The meat loaf was just ground beef with finely chopped onion, crushed porkies (pork rinds), an egg, some of my ketchup, and seasoned salt.
The baby corn (just 10gN for the whole can!) always tastes just a tiny bit pickled to me. So tonight I rinsed it, added just a drop of EZSweetz to about 1/4c of melted butter with some salt, and simmered it in that. It helped.
The "taters" are from a box. Once or twice a month we have them as a guilty treat. They're probably awful for us, but we're not paleo eaters, just low carbers, so we do indulge. There are 17gN per serving; doesn't matter - they're great! You could, of course, sub fauxtatoes with cauliflower, as I usually do.
Between these 2 meals I've been full all day. No snacks, no need for anything else except coffee, tea, and water.
Is it so awful that I love my own cooking so very much???
I will start moving my recipes here from my blogger pages
, and hope to have them all moved by the end of the year. I will also save the entire blog from over there to a pdf file, which I will make available for download, if anyone would like it. It will contain my menus, past shopping lists/costs, and general lowcarb-related posts; I don't think that the program I'll be using will save all of the comments that were posted to the blog, I'm sorry about that...As of the 1st of the year (2013) I will be blogging only here, and no longer at my blogger site. In the meantime, what
you see here will be copies of the recipes I had there, ordered by date as they were originally, and I plan to add some photos as well, if I have them available. (I'm usually too impatient to take pictures of my meals before I eat them!)And that's that :).
This is something I made just today. I wanted warm creamy comfort food and this absolutely filled the bill!
First I rinsed, drained, and lightly chopped some shirataki noodles.
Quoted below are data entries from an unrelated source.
(* Let $q>2$ be an integer and $z\geq 2$. Consider the mean-field equation in $u\in[0,1)$, $$u=\frac{1-\exp(\Delta_{\beta,q,z}(u))}{1+(q-1)\exp(\Delta_{\beta,q,z}(u))},\qquad\Delta_{\beta,q,z}(u):=-\frac{\beta}{q^{z-1}}\Big[(1+(q-1)u)^{z-1}-(1-u)^{z-1}\Big].$$ There exist $0<\beta_0(q,z)<\beta_1(q,z)$ such that: for $0<\beta<\beta_0$ the mean-field equation has only the trivial solution $u=0$; for $\beta_0<\beta<\beta_1$ it has exactly two additional solutions $0<u_1<u_2<1$; for $\beta=\beta_0$ or $\beta\geq\beta_1$ it has exactly one additional solution $0<u_2<1$. *)

theory Defs
  imports Complex_Main
begin

definition mf_Delta :: "real \<Rightarrow> nat \<Rightarrow> nat \<Rightarrow> real \<Rightarrow> real" where
  "mf_Delta \<beta> q z u =
     - (\<beta> / real q ^ (z - 1)) * ((1 + (real q - 1) * u) ^ (z - 1) - (1 - u) ^ (z - 1))"

definition mf_solutions :: "real \<Rightarrow> nat \<Rightarrow> nat \<Rightarrow> real set" where
  "mf_solutions \<beta> q z =
     {u. 0 \<le> u \<and> u < 1 \<and>
         u = (1 - exp (mf_Delta \<beta> q z u)) / (1 + (real q - 1) * exp (mf_Delta \<beta> q z u))}"

end

theory Submission
  imports Defs
begin
(* Let $\theta>0$ and $n\ge 3$. Let $\eta=(\eta_n,\ldots,\eta_1)$ be the random vector whose law is that of $(\xi_n,\ldots,\xi_1)$ conditioned on the event $\{(\xi_n,\ldots,\xi_1)\in\Delta_n\}$, and set $\eta_{n+1}=1$. Then: (i) The sequence $\eta_{n+1}=1,\eta_n,\eta_{n-1},\ldots,\eta_2,\eta_1$ (in this order) is a non-homogeneous Markov chain on $\{0,1\}$. Its transitions are as follows. $\eta_n=0$ almost surely. For $r=3,\ldots,n-1$, $$\mathbb{P}(\eta_r=0\mid \eta_{r+1}=0)=\frac{(\theta+r-1)\lambda_r(\theta)}{(\theta+r-1)\lambda_r(\theta)+\theta\lambda_{r-1}(\theta)},\qquad \mathbb{P}(\eta_r=1\mid \eta_{r+1}=0)=\frac{\theta\lambda_{r-1}(\theta)}{(\theta+r-1)\lambda_r(\theta)+\theta\lambda_{r-1}(\theta)},$$ $$\mathbb{P}(\eta_r=0\mid \eta_{r+1}=1)=1,\qquad \mathbb{P}(\eta_r=1\mid \eta_{r+1}=1)=0.$$ Moreover $\eta_2=0$ almost surely and $\eta_1=1$ almost surely. (ii) For $j=2,\ldots,n$, let $\tilde C_j(n)$ be the number of $j$-spacings in the sequence $1\,\eta_n\,\eta_{n-1}\cdots\eta_2\,\eta_1$. Then $(\tilde C_2(n),\ldots,\tilde C_n(n))$ has the law of $(C_2(n),\ldots,C_n(n))$ conditioned on $C_1(n)=0$, where $(C_1(n),\ldots,C_n(n))\sim \mathrm{ESF}(\theta)$.
   Context: Fix $\theta>0$. Write $\theta_{(0)}=1$ and $\theta_{(m)}=\theta(\theta+1)\cdots(\theta+m-1)$ for $m\ge1$. The Ewens Sampling Formula $\mathrm{ESF}(\theta)$ is the law of a random vector $(C_1(n),\ldots,C_n(n))$ of nonnegative integers with $$\mathbb{P}(C_1(n)=c_1,\ldots,C_n(n)=c_n)=\frac{n!}{\theta_{(n)}}\prod_{j=1}^n\Big(\frac{\theta}{j}\Big)^{c_j}\frac{1}{c_j!}\quad\text{whenever } \textstyle\sum_j jc_j=n$$ (these are the cycle counts of a random permutation of $\{1,\ldots,n\}$ chosen with probability $\theta^{k}/\theta_{(n)}$ when it has $k$ cycles). For $n\ge1$ let $\lambda_n(\theta)=\mathbb{P}(C_1(n)=0)=\frac{n!}{\theta_{(n)}}\sum_{j=0}^n(-1)^j\frac{\theta^j}{j!}\frac{\theta_{(n-j)}}{(n-j)!}$, and $\lambda_0(\theta)=1$; note $\lambda_1(\theta)=0$. Let $\xi_1,\xi_2,\ldots$ be independent Bernoulli random variables with $\mathbb{P}(\xi_i=1)=\theta/(\theta+i-1)$, $\mathbb{P}(\xi_i=0)=(i-1)/(\theta+i-1)$ (so $\xi_1=1$). For $n\ge2$, $\Delta_n$ is the set of $(a_n,a_{n-1},\ldots,a_1)\in\{0,1\}^n$ with $a_n=0$, $a_1=1$, and no index $2\le i\le n$ with $a_i=a_{i-1}=1$. (One has $\mathbb{P}((\xi_n,\ldots,\xi_1)\in\Delta_n)=\lambda_n(\theta)$.) For a finite $\{0,1\}$-sequence, a $j$-spacing is an occurrence of two consecutive 1s separated by exactly $j-1$ zeros, i.e. an occurrence of the pattern $1\,0^{j-1}\,1$. *)

theory Defs
  imports "HOL-Probability.Probability"
begin

text \<open>lambda_n(theta) = P(C_1(n) = 0) under ESF(theta), by the explicit formula;
  the rising factorial theta_(m) is pochhammer theta m.\<close>
definition lam :: "real \<Rightarrow> nat \<Rightarrow> real" where
  "lam \<theta> n = (if n = 0 then 1 else
     fact n / pochhammer \<theta> n *
     (\<Sum>j=0..n. (-1)^j * \<theta>^j / fact j * pochhammer \<theta> (n - j) / fact (n - j)))"

text \<open>Law of (xi_1,...,xi_n), as a random function {1..n} -> bool (False outside {1..n}),
  xi_i = 1 encoded as True.\<close>
definition xi_pmf :: "real \<Rightarrow> nat \<Rightarrow> (nat \<Rightarrow> bool) pmf" where
  "xi_pmf \<theta> n = Pi_pmf {1..n} False (\<lambda>i. bernoulli_pmf (\<theta> / (\<theta> + real i - 1)))"

definition Delta :: "nat \<Rightarrow> (nat \<Rightarrow> bool) set" where
  "Delta n = {a. \<not> a n \<and> a 1 \<and> (\<forall>i\<in>{2..n}. \<not> (a i \<and> a (i - 1)))}"

definition eta_pmf :: "real \<Rightarrow> nat \<Rightarrow> (nat \<Rightarrow> bool) pmf" where
  "eta_pmf \<theta> n = cond_pmf (xi_pmf \<theta> n) (Delta n)"

definition eta_ext :: "nat \<Rightarrow> (nat \<Rightarrow> bool) \<Rightarrow> nat \<Rightarrow> bool" where
  "eta_ext n a = a(n + 1 := True)"

text \<open>Transition probability P(eta_r = b | eta_{r+1} = c).\<close>
definition trans_prob :: "real \<Rightarrow> nat \<Rightarrow> bool \<Rightarrow> bool \<Rightarrow> real" where
  "trans_prob \<theta> r c b =
     (if c then (if b then 0 else 1)
      else (let D = (\<theta> + real r - 1) * lam \<theta> r + \<theta> * lam \<theta> (r - 1) in
            if b then \<theta> * lam \<theta> (r - 1) / D else (\<theta> + real r - 1) * lam \<theta> r / D))"

text \<open>Number of j-spacings (occurrences of 1 0^(j-1) 1) in the sequence
  1 eta_n ... eta_1, i.e. in eta_ext read at positions n+1 down to 1.\<close>
definition spacings :: "nat \<Rightarrow> (nat \<Rightarrow> bool) \<Rightarrow> nat \<Rightarrow> nat" where
  "spacings n a j = card {i \<in> {j+1..n+1}.
     eta_ext n a i \<and> eta_ext n a (i - j) \<and> (\<forall>k\<in>{i-j+1..i-1}. \<not> eta_ext n a k)}"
Then I crumbled ground beef into a pan with the noodles and cooked it until the beef was browned, and added about a half-cup of frozen asparagus that I had left, chopped into 1/2" pieces, plus a can of mushrooms and 2 Tbsp of Knorr Alfredo Sauce mix to coat it all with 2 Tbsp of butter and a little sea salt. When the butter was melted I added a cup of cream, and let it come to a boil, stirring constantly, then down to simmer until the sauce had thickened.
This is just very basic, and, although delicious, could be easily modified with any meats or vegetables you might have in the house, and any spices you'd care to add as well. If I liked spicy, for example, I might have added pepper flakes. And now that I'm out of frozen asparagus, I could see adding green beans or brussels sprouts (halved probably), or spinach. Certainly it would work with chicken or pork also. But it was quick, easy, cheap, basic, filling, comforting, and low in carbs. Perfect!